▶ Work task
Across the material below, how many lines contain the word "where"? Respond with the number only.

++++++++++

(* Let $(M,g,S)$, $p$, $u$ and the coordinates $(x',y',z',t')$ be as in the context. Then $u$, $Su$, $S^2u$, $S^3u$ are isotropic vectors with respect to $\tilde g$, and their endpoints lie on the surface in $T_pM$ given by $$x'^2+y'^2=\tfrac12,\qquad z'^2+t'^2=\tfrac12.$$
   Context: $M$ is a 4-dimensional differentiable manifold with a positive definite metric $g$ and a tensor field $S$ of type $(1,1)$ whose components in some local coordinate system form the matrix with rows $(0,1,0,0)$, $(0,0,1,0)$, $(0,0,0,1)$, $(-1,0,0,0)$; hence $S^4=-\mathrm{id}$, and $g(Su,Sv)=g(u,v)$ for all vector fields $u,v$. The associated metric is $\tilde g(u,v)=g(u,Sv)+g(Su,v)$; a nonzero vector $w$ is isotropic if $\tilde g(w,w)=0$. Let $p\in M$ and $u\in T_pM$ with $\{u,Su,S^2u,S^3u\}$ a $g$-orthonormal basis of $T_pM$. Coordinates $(x,y,z,t)$ on $T_pM$ are given by $v=xu+ySu+zS^2u+tS^3u$, and coordinates $(x',y',z',t')$ by $x=\frac12(x'-y'+z'-t')$, $y=\frac{\sqrt2}{2}(-y'+t')$, $z=-\frac12(x'+y'+z'+t')$, $t=\frac{\sqrt2}{2}(-x'+z')$. The endpoint of a vector $w\in T_pM$ is the point $w$ of $T_pM$. *)

theory Defs
  imports "HOL-Analysis.Analysis"
begin

text \<open>The tangent space T_pM is identified with real^4 via the coordinate basis of
the local coordinate system; in that basis the (1,1)-tensor S has the given matrix
(rows (0,1,0,0), (0,0,1,0), (0,0,0,1), (-1,0,0,0)).\<close>

definition S_mat :: "real^4^4" where
  "S_mat = vector [vector [0,1,0,0], vector [0,0,1,0], vector [0,0,0,1], vector [-1,0,0,0]]"

definition S_op :: "real^4 \<Rightarrow> real^4" where
  "S_op v = S_mat *v v"

definition gtilde :: "(real^4 \<Rightarrow> real^4 \<Rightarrow> real) \<Rightarrow> real^4 \<Rightarrow> real^4 \<Rightarrow> real" where
  "gtilde g u v = g u (S_op v) + g (S_op u) v"

definition isotropic :: "(real^4 \<Rightarrow> real^4 \<Rightarrow> real) \<Rightarrow> real^4 \<Rightarrow> bool" where
  "isotropic g w \<longleftrightarrow> w \<noteq> 0 \<and> gtilde g w w = 0"

end

theory Submission
  imports Defs
begin

text \<open>Since \<open>S\<close> is a \<open>g\<close>-isometry, \<open>g~(S\<^sup>k u, S\<^sup>k u) = 2 g(S\<^sup>k u, S\<^sup>k (S u)) = 2 g(u, S u) = 0\<close>.
By orthonormality the endpoint of \<open>S\<^sup>k u\<close> has coordinates \<open>(x,y,z,t) = e\<^sub>k\<close>, and inverting
the coordinate change gives
\<open>x'\<^sup>2 + y'\<^sup>2 = (x\<^sup>2+y\<^sup>2+z\<^sup>2+t\<^sup>2)/2 - (\<surd>2/2)(t(x-z) - y(x+z))\<close> and
\<open>z'\<^sup>2 + t'\<^sup>2 = (x\<^sup>2+y\<^sup>2+z\<^sup>2+t\<^sup>2)/2 + (\<surd>2/2)(t(x-z) - y(x+z))\<close>,
whose correction term vanishes at every standard basis vector.\<close>

lemma funpow_preserves_form:
  assumes "\<And>v w. g (f v) (f w) = g v w"
  shows "g ((f ^^ k) v) ((f ^^ k) w) = g v w"
  by (induction k) (simp_all add: assms)

lemma gtilde_self:
  assumes "\<And>v w. g v w = g w v"
  shows "gtilde g w w = 2 * g w (S_op w)"
  unfolding gtilde_def using assms[of "S_op w" w] by simp

lemma isotropic_S_iterate:
  assumes "bilinear g"
    and symmetric: "\<And>v w. g v w = g w v"
    and S_isometry: "\<And>v w. g (S_op v) (S_op w) = g v w"
    and "g u u \<noteq> 0" and "g u (S_op u) = 0"
  shows "isotropic g ((S_op ^^ k) u)"
proof -
  have invariant: "g ((S_op ^^ k) v) ((S_op ^^ k) w) = g v w" for v w
    using S_isometry by (rule funpow_preserves_form)
  have "g ((S_op ^^ k) u) (S_op ((S_op ^^ k) u)) = g ((S_op ^^ k) u) ((S_op ^^ k) (S_op u))"
    by (simp add: funpow_swap1)
  also have "\<dots> = 0"
    using invariant assms(5) by simp
  finally have "gtilde g ((S_op ^^ k) u) ((S_op ^^ k) u) = 0"
    by (simp add: gtilde_self[OF symmetric])
  moreover have "(S_op ^^ k) u \<noteq> 0"
    using invariant[of u u] assms(4) bilinear_lzero[OF assms(1)] by force
  ultimately show ?thesis
    by (simp add: isotropic_def)
qed

lemma bilinear_orthonormal_coeff:
  assumes "bilinear g" and "finite I" and "j \<in> I"
    and "\<And>i. i \<in> I \<Longrightarrow> g (v i) (v j) = (if i = j then 1 else 0)"
  shows "g (\<Sum>i\<in>I. c i *\<^sub>R v i) (v j) = c j"
proof -
  interpret linear "\<lambda>x. g x (v j)"
    using assms(1) by (simp add: bilinear_def)
  have "g (\<Sum>i\<in>I. c i *\<^sub>R v i) (v j) = (\<Sum>i\<in>I. c i * g (v i) (v j))"
    by (simp add: sum scale)
  also have "\<dots> = (\<Sum>i\<in>I. if i = j then c i else 0)"
    by (rule sum.cong) (simp_all add: assms(4))
  also have "\<dots> = c j"
    using assms(2,3) by simp
  finally show ?thesis .
qed

lemma orthonormal_coords_standard_basis:
  fixes g :: "'a::real_vector \<Rightarrow> 'a \<Rightarrow> real" and v :: "nat \<Rightarrow> 'a" and x y z t :: real
  assumes "bilinear g"
    and orthonormal: "\<And>i j. i < 4 \<Longrightarrow> j < 4 \<Longrightarrow> g (v i) (v j) = (if i = j then 1 else 0)"
    and "k < 4"
    and "v k = x *\<^sub>R v 0 + y *\<^sub>R v 1 + z *\<^sub>R v 2 + t *\<^sub>R v 3"
  shows "(x, y, z, t) \<in> {(1, 0, 0, 0), (0, 1, 0, 0), (0, 0, 1, 0), (0, 0, 0, 1)}"
proof -
  have v_k: "v k = (\<Sum>i<4. [x, y, z, t] ! i *\<^sub>R v i)"
    using assms(4) by (simp add: eval_nat_numeral)
  have coeff: "[x, y, z, t] ! j = (if k = j then 1 else 0)" if "j < 4" for j
  proof -
    have "[x, y, z, t] ! j = g (v k) (v j)"
      unfolding v_k
      using bilinear_orthonormal_coeff[OF assms(1) finite_lessThan, where v = v and c = "\<lambda>i. [x, y, z, t] ! i"]
        orthonormal that by simp
    also have "\<dots> = (if k = j then 1 else 0)"
      using orthonormal \<open>k < 4\<close> that by simp
    finally show ?thesis .
  qed
  have "x = of_bool (k = 0)" "y = of_bool (k = 1)" "z = of_bool (k = 2)" "t = of_bool (k = 3)"
    using coeff[of 0] coeff[of 1] coeff[of 2] coeff[of 3] by auto
  with \<open>k < 4\<close> show ?thesis
    by (auto simp: less_Suc_eq numeral_eq_Suc)
qed

lemma primed_coordinate_sums:
  fixes x y z t x' y' z' t' :: real
  assumes "x = (x' - y' + z' - t') / 2"
    and "y = sqrt 2 / 2 * (- y' + t')"
    and "z = - (x' + y' + z' + t') / 2"
    and "t = sqrt 2 / 2 * (- x' + z')"
  shows "x'\<^sup>2 + y'\<^sup>2 = (x\<^sup>2 + y\<^sup>2 + z\<^sup>2 + t\<^sup>2) / 2 - sqrt 2 / 2 * (t * (x - z) - y * (x + z))"
    and "z'\<^sup>2 + t'\<^sup>2 = (x\<^sup>2 + y\<^sup>2 + z\<^sup>2 + t\<^sup>2) / 2 + sqrt 2 / 2 * (t * (x - z) - y * (x + z))"
proof -
  have sqrt2: "sqrt 2 * (sqrt 2 * c) = 2 * c" for c :: real
    by (simp add: mult.assoc[symmetric])
  show "x'\<^sup>2 + y'\<^sup>2 = (x\<^sup>2 + y\<^sup>2 + z\<^sup>2 + t\<^sup>2) / 2 - sqrt 2 / 2 * (t * (x - z) - y * (x + z))"
      "z'\<^sup>2 + t'\<^sup>2 = (x\<^sup>2 + y\<^sup>2 + z\<^sup>2 + t\<^sup>2) / 2 + sqrt 2 / 2 * (t * (x - z) - y * (x + z))"
    unfolding assms by (simp_all add: power2_eq_square field_simps sqrt2)
qed

lemma standard_basis_on_surface:
  fixes x y z t x' y' z' t' :: real
  assumes "(x, y, z, t) \<in> {(1, 0, 0, 0), (0, 1, 0, 0), (0, 0, 1, 0), (0, 0, 0, 1)}"
    and "x = (x' - y' + z' - t') / 2"
    and "y = sqrt 2 / 2 * (- y' + t')"
    and "z = - (x' + y' + z' + t') / 2"
    and "t = sqrt 2 / 2 * (- x' + z')"
  shows "x'\<^sup>2 + y'\<^sup>2 = 1/2" and "z'\<^sup>2 + t'\<^sup>2 = 1/2"
  using primed_coordinate_sums[OF assms(2-5)] assms(1) by auto

theorem theorem3p4:
  fixes g :: "real^4 \<Rightarrow> real^4 \<Rightarrow> real" and u :: "real^4"
  assumes g_bil: "bilinear g"
    and g_sym: "\<And>v w. g v w = g w v"
    and g_pos: "\<And>v. v \<noteq> 0 \<Longrightarrow> g v v > 0"
    and g_S: "\<And>v w. g (S_op v) (S_op w) = g v w"
    and u_on: "\<And>i j. i < 4 \<Longrightarrow> j < 4 \<Longrightarrow>
                 g ((S_op ^^ i) u) ((S_op ^^ j) u) = (if i = j then 1 else 0)"
  shows "\<forall>k<4. isotropic g ((S_op ^^ k) u) \<and>
           (\<forall>x y z t x' y' z' t' :: real.
              (S_op ^^ k) u = x *\<^sub>R u + y *\<^sub>R S_op u + z *\<^sub>R (S_op ^^ 2) u + t *\<^sub>R (S_op ^^ 3) u
              \<and> x = (x' - y' + z' - t') / 2
              \<and> y = sqrt 2 / 2 * (- y' + t')
              \<and> z = - (x' + y' + z' + t') / 2
              \<and> t = sqrt 2 / 2 * (- x' + z')
              \<longrightarrow> x'\<^sup>2 + y'\<^sup>2 = 1/2 \<and> z'\<^sup>2 + t'\<^sup>2 = 1/2)"
proof (intro allI impI conjI)
  fix k :: nat
  assume k: "k < 4"
  show "isotropic g ((S_op ^^ k) u)"
    by (rule isotropic_S_iterate[where g = g and u = u, OF g_bil g_sym g_S])
      (use u_on[of 0 0] u_on[of 0 1] in simp_all)
  fix x y z t x' y' z' t' :: real
  assume H: "(S_op ^^ k) u = x *\<^sub>R u + y *\<^sub>R S_op u + z *\<^sub>R (S_op ^^ 2) u + t *\<^sub>R (S_op ^^ 3) u
              \<and> x = (x' - y' + z' - t') / 2
              \<and> y = sqrt 2 / 2 * (- y' + t')
              \<and> z = - (x' + y' + z' + t') / 2
              \<and> t = sqrt 2 / 2 * (- x' + z')"
  then have coords: "x = (x' - y' + z' - t') / 2" "y = sqrt 2 / 2 * (- y' + t')"
      "z = - (x' + y' + z' + t') / 2" "t = sqrt 2 / 2 * (- x' + z')"
    by blast+
  from H have expand: "(S_op ^^ k) u = x *\<^sub>R (S_op ^^ 0) u + y *\<^sub>R (S_op ^^ 1) u
      + z *\<^sub>R (S_op ^^ 2) u + t *\<^sub>R (S_op ^^ 3) u"
    by simp
  have "(x, y, z, t) \<in> {(1, 0, 0, 0), (0, 1, 0, 0), (0, 0, 1, 0), (0, 0, 0, 1)}"
    by (rule orthonormal_coords_standard_basis[where v = "\<lambda>i. (S_op ^^ i) u", OF g_bil _ k expand])
      (simp add: u_on)
  then show "x'\<^sup>2 + y'\<^sup>2 = 1/2" "z'\<^sup>2 + t'\<^sup>2 = 1/2"
    by (rule standard_basis_on_surface[OF _ coords])+
qed

end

++++++++++

▶ Result below
7